Non venne dato il giusto valore alle testimonianze che asserivano che Nicolini giocava a bocce in un paese vicino. Il 26 febbraio 1949 la Corte d’Assise di Perugia lo condannò come mandante di omicidio volontario premeditato a 22 anni di carcere e alla perdita di ogni diritto civile e militare; ne scontò effettivamente dieci – Ferretti e Prodi, condannati come esecutori, ne espiarono invece sette – grazie all’indulto per gli ex appartenenti alle formazioni partigiane, uscendo di prigione alla fine del 1956. Inutilmente Nicolini cercò di dimostrare la sua innocenza. Nel 1990 il caso venne riaperto su invito dell’onorevole comunista Otello Montanari,che incitò la popolazione, con un articolo ribattezzato Chi sa parli, a rivelare informazioni riguardo ai delitti avvenuti nel Triangolo della morte durante gli anni quaranta. Il cosiddetto “terzo uomo” che era stato citato da diverse testimonianze all’epoca del delitto, William Gaiti, che a differenza di Righi e Catellani si era rifiutato di confessare e poi espatriare clandestinamente in Jugoslavia, confessò il 10 settembre 1991 al procuratore di Reggio Emilia Elio Bevilacqua di aver preso parte all’omicidio insieme a Catellani e Righi e di avere sparato a don Pessina.I figli di Gaiti e Nicolini erano stretti amici e forse è stato proprio questo rapporto confidenziale a spingere il vero colpevole a confessare l’accaduto. Ferretti, Prodi e Nicolini furono definitivamente «assolti per non aver commesso il fatto» solamente l’8 giugno 1994 (45 anni dopo il delitto) quando, assistiti dagli avvocati Giuliano Pisapia e Dino Felisetti, vennero scagionati nel processo di revisione dalla Corte d’appello di Perugia. I veri responsabili dell’omicidio rimasero liberi e furono prosciolti il 7 dicembre 1993 in applicazione dell’amnistia emanata dal Governo Pella nel 1953 per tutti i reati politici (venne quindi esclusa la premeditazione dell’atto) commessi entro il 18 giugno 1948. Furono stabiliti per Nicolini 2 miliardi e mezzo di lire come risarcimento.

Il processo
Il primo processo si svolse a Perugia nel 1947, spostato dalla sua sede naturale, Reggio Emilia, per legittima suspicione dopo pressioni del vescovo di Reggio su diversi ministri.

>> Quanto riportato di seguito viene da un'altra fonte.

lemma stepS_at_readback:
  "stepS_at k t t' \<Longrightarrow> legal_at k t \<Longrightarrow> stepT\<^sup>*\<^sup>* (readback k t) (readback k t')"
proof (induction rule: stepS_at.induct)
  case (beta v v' k)
  then show ?case by (auto intro: stepT.E)
next
  case (nonbeta k v)
  then show ?case by (auto simp: abst_subst_Idx)
next
  case (ctx k t t')
  then show ?case by (auto intro: rtranclp_stepT_Lam rtranclp_stepT_abst)
qed

lemma stepT_sharp_at: "stepT v v' \<Longrightarrow> (stepS_at k)\<^sup>*\<^sup>* (sharp_at k v) (sharp_at k v')"
proof (induction "size v" arbitrary: v v' k rule: less_induct)
  case less
  from less(2) show ?case
  proof cases
    case E
    then obtain a b where "v = App a b" by cases auto
    moreover have "stepS_at k (Tm v) (Tm v')" using E by (rule stepS_at.beta)
    moreover have "(stepS_at k)\<^sup>*\<^sup>* (Tm v') (sharp_at k v')"
      using rtranclp_nonbeta_at_imp_stepS_at rtranclp_nonbeta_at_sharp_at by blast
    ultimately show ?thesis by (simp add: converse_rtranclp_into_rtranclp)
  next
    case (L s s')
    then have "stepT (subst s 0 (Idx k)) (subst s' 0 (Idx k))" and "size (subst s 0 (Idx k)) < size v"
      by (auto intro: stepT_subst_Idx)
    with less(1) L show ?thesis by (simp add: rtranclp_stepS_at_TLam)
  qed
qed

lemma readback_sharp_at: "\<forall>i\<in>idxs v. i < k \<Longrightarrow> readback k (sharp_at k v) = v"
proof (induction k v rule: sharp_at.induct)
  case (1 k v)
  then have "\<forall>i\<in>idxs (subst v 0 (Idx k)). i < Suc k"
    using idxs_subst[of v 0 "Idx k"] by fastforce
  with 1 have "readback (Suc k) (sharp_at (Suc k) (subst v 0 (Idx k))) = subst v 0 (Idx k)"
    by blast
  moreover have "k \<notin> idxs v" using "1.prems" by auto
  ultimately show ?case by (simp add: abst_subst_Idx)
qed auto

lemma rtranclp_nonbeta_at_readback: "(nonbeta_at k)\<^sup>*\<^sup>* (Tm (readback k t)) t"
proof (induction t arbitrary: k)
  case (TLam t)
  have "nonbeta_at k (Tm (readback k (TLam t))) (TLam (Tm (readback (Suc k) t)))"
    using nonbeta_at.nonbeta[of k "abst k 0 (readback (Suc k) t)"] by (simp add: subst_Idx_abst)
  with rtranclp_nonbeta_at_TLam[OF TLam] show ?case
    by (simp add: converse_rtranclp_into_rtranclp)
qed simp

lemma sharp_at_readback: "sharp_at k (readback k t) = sharp_top k t"
  using rtranclp_invariant[OF rtranclp_nonbeta_at_readback[of k t], of "sharp_top k"]
    nonbeta_at_sharp_top_eq by simp

theorem theorem4:
  shows "(\<forall>t t'. legal t \<and> legal t' \<and> stepS\<^sup>*\<^sup>* t t' \<longrightarrow> stepT\<^sup>*\<^sup>* (star t) (star t'))
       \<and> (\<forall>v v'. pure v \<and> pure v' \<and> stepT\<^sup>*\<^sup>* v v' \<longrightarrow> stepS\<^sup>*\<^sup>* (sharp v) (sharp v'))
       \<and> (\<forall>t. legal t \<longrightarrow> stepS\<^sup>*\<^sup>* t (sharp (star t)))
       \<and> (\<forall>v. pure v \<longrightarrow> star (sharp v) = v)"
proof (intro conjI allI impI)
  fix t t'
  assume "legal t \<and> legal t' \<and> stepS\<^sup>*\<^sup>* t t'"
  then have "stepS\<^sup>*\<^sup>* t t'" "legal t" by simp_all
  then show "stepT\<^sup>*\<^sup>* (star t) (star t')"
    unfolding star_eq_readback legal_def stepS_def
    by (rule rtranclp_map_invariant[where f = "readback 0"]) (auto intro: legal_at_stepS_at stepS_at_readback)
next
  fix v v'
  assume "pure v \<and> pure v' \<and> stepT\<^sup>*\<^sup>* v v'"
  then have "stepT\<^sup>*\<^sup>* v v'" by simp
  then show "stepS\<^sup>*\<^sup>* (sharp v) (sharp v')"
    unfolding sharp_eq_sharp_at stepS_def by (rule rtranclp_map[where f = "sharp_at 0"]) (rule stepT_sharp_at)
next
  fix t
  show "stepS\<^sup>*\<^sup>* t (sharp (star t))"
    unfolding sharp_eq_sharp_at star_eq_readback sharp_at_readback stepS_def
    by (intro rtranclp_nonbeta_at_imp_stepS_at rtranclp_nonbeta_at_sharp_top)
next
  fix v
  assume "pure v"
  then show "star (sharp v) = v"
    unfolding star_eq_readback sharp_eq_sharp_at pure_def by (simp add: readback_sharp_at)
qed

Nicolini venne accusato di essere dapprima esecutore materiale del delitto, poi suo mandante.[6] Prodi fece diverse confessioni, per poi ritrattare più volte quanto affermato.Tuttavia, il giudice ricavò numerosi dati da queste rivelazioni, tanto da identificare Nicolini come mandante dell’operazione, Ferretti come esecutore materiale e Prodi come suo complice.

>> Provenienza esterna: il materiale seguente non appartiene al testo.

context
  fixes D :: "'d set" and L :: "nat \<Rightarrow> 'd \<Rightarrow> real" and p :: "nat \<Rightarrow> real" and n :: nat
  assumes L_nonneg: "\<And>i x. i \<in> {1..n} \<Longrightarrow> x \<in> D \<Longrightarrow> L i x \<ge> 0"
    and L_sum: "\<And>i. i \<in> {1..n} \<Longrightarrow> (\<Sum>x\<in>D. L i x) = 1"
    and p_pos: "\<And>i. i \<in> {1..n} \<Longrightarrow> p i > 0"
begin

lemma p_nonneg: "i \<in> {1..n} \<Longrightarrow> p i \<ge> 0"
  using p_pos by (simp add: less_imp_le)

lemma evidence_nonneg: "ds \<in> seqs D m \<Longrightarrow> (\<Sum>k=1..n. seq_lik L k ds * p k) \<ge> 0"
  by (intro sum_nonneg mult_nonneg_nonneg seq_lik_nonneg) (auto intro: L_nonneg p_nonneg)

lemma substochastic_Pstep: "substochastic n (Pstep D L p n m)"
  unfolding substochastic_def
proof (intro ballI conjI)
  fix i j assume "i \<in> {1..n}" "j \<in> {1..n}"
  then show "Pstep D L p n m i j \<ge> 0"
    unfolding Pstep_def using evidence_nonneg
    by (intro sum_nonneg divide_nonneg_nonneg mult_nonneg_nonneg seq_lik_nonneg)
       (auto intro: L_nonneg p_nonneg)
next
  fix i assume i: "i \<in> {1..n}"
  let ?Z = "\<lambda>ds. \<Sum>k=1..n. seq_lik L k ds * p k"
  have "(\<Sum>j=1..n. Pstep D L p n m i j) = (\<Sum>ds\<in>seqs D m. seq_lik L i ds * ?Z ds / ?Z ds)"
    unfolding Pstep_def
    by (subst sum.swap) (simp add: sum_divide_distrib[symmetric] sum_distrib_left mult.assoc)
  also have "\<dots> \<le> (\<Sum>ds\<in>seqs D m. seq_lik L i ds)"
  proof (intro sum_mono)
    fix ds assume "ds \<in> seqs D m"
    then have "seq_lik L i ds \<ge> 0" using i by (intro seq_lik_nonneg) (auto intro: L_nonneg)
    then show "seq_lik L i ds * ?Z ds / ?Z ds \<le> seq_lik L i ds"
      by (cases "?Z ds = 0") auto
  qed
  also have "\<dots> = 1"
    unfolding seq_lik_def sum_seqs_prod_list using L_sum[OF i] by simp
  finally show "(\<Sum>j=1..n. Pstep D L p n m i j) \<le> 1" .
qed
(* Let $l,t,s,n$ be integers with $t\geq l$, $s\geq l+1\geq 3$ and $n\geq 2\binom{3s}{2}$. Then for every integer $x$ with $1\leq x\leq l-1$, $$ex(n,\{K_{l,t},M_{s+1}\},l-1)\geq ex(n,\{K_{l,t},M_{s+1}\},x).$$
   Context: All graphs are finite and simple. $K_{l,t}$ is the complete bipartite graph with parts of sizes $l,t$; $M_{s+1}$ is the matching of $s+1$ disjoint edges; a graph is $\{K_{l,t},M_{s+1}\}$-free if it contains neither as a subgraph. For a graph $G$ with matching number at most $s$, say $X\subseteq V(G)$ is admissible if $|X|+\sum_{i=1}^m\lfloor |V(C_i)|/2\rfloor\leq s$, where $C_1,\dots,C_m$ are the components of $G-X$ (such $X$ exists by the Tutte–Berge formula); let $x(G)$ be the maximum size of an admissible set. Let $\mathscr{G}_x$ be the set of $\{K_{l,t},M_{s+1}\}$-free graphs $G$ on $n$ vertices with $x(G)=x$, and $ex(n,\{K_{l,t},M_{s+1}\},x)=\max_{G\in\mathscr{G}_x}e(G)$. *)

theory Defs
  imports Main
begin

definition is_graph :: "nat \<Rightarrow> nat set set \<Rightarrow> bool" where
  "is_graph n G \<longleftrightarrow> (\<forall>e\<in>G. e \<subseteq> {0..<n} \<and> card e = 2)"

definition num_edges :: "nat set set \<Rightarrow> nat" where
  "num_edges G = card G"

definition contains_Klt :: "nat \<Rightarrow> nat \<Rightarrow> nat \<Rightarrow> nat set set \<Rightarrow> bool" where
  "contains_Klt n l t G \<longleftrightarrow>
     (\<exists>A B. A \<subseteq> {0..<n} \<and> B \<subseteq> {0..<n} \<and> A \<inter> B = {} \<and>
            card A = l \<and> card B = t \<and> (\<forall>a\<in>A. \<forall>b\<in>B. {a, b} \<in> G))"

definition contains_matching :: "nat \<Rightarrow> nat set set \<Rightarrow> bool" where
  "contains_matching k G \<longleftrightarrow>
     (\<exists>M. M \<subseteq> G \<and> card M = k \<and> (\<forall>e\<in>M. \<forall>f\<in>M. e \<noteq> f \<longrightarrow> e \<inter> f = {}))"

definition del_rel :: "nat \<Rightarrow> nat set set \<Rightarrow> nat set \<Rightarrow> (nat \<times> nat) set" where
  "del_rel n G X = {(u, v). u \<in> {0..<n} - X \<and> v \<in> {0..<n} - X \<and> {u, v} \<in> G}"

Le interferenze esterne sui magistrati, la scomparsa di verbali, le firme sui verbali estorte con la violenza fisica e psicologica, le palesi contraddizioni, falsità, amnesie e reticenze di alcuni testimoni dell’accusa,la costante intimidazione dei testi della difesa, l’omissione e la falsità in atti d’ufficio da parte degli inquirenti, l’insabbiamento di prove fondamentali a favore dell’accusato (tra cui una fondamentale perizia dattiloscopica che venne poi eseguita dopo quasi mezzo secolo su Antenore Valla nel processo a carico di William Gaiti) dimostrano come la sentenza sarebbe stata fortemente influenzata. Le diverse anomalie che caratterizzarono il processo sono rintracciabili negli atti giudiziari, in gran parte pubblicati nel memoriale di Nicolini Nessuno vuole la verità.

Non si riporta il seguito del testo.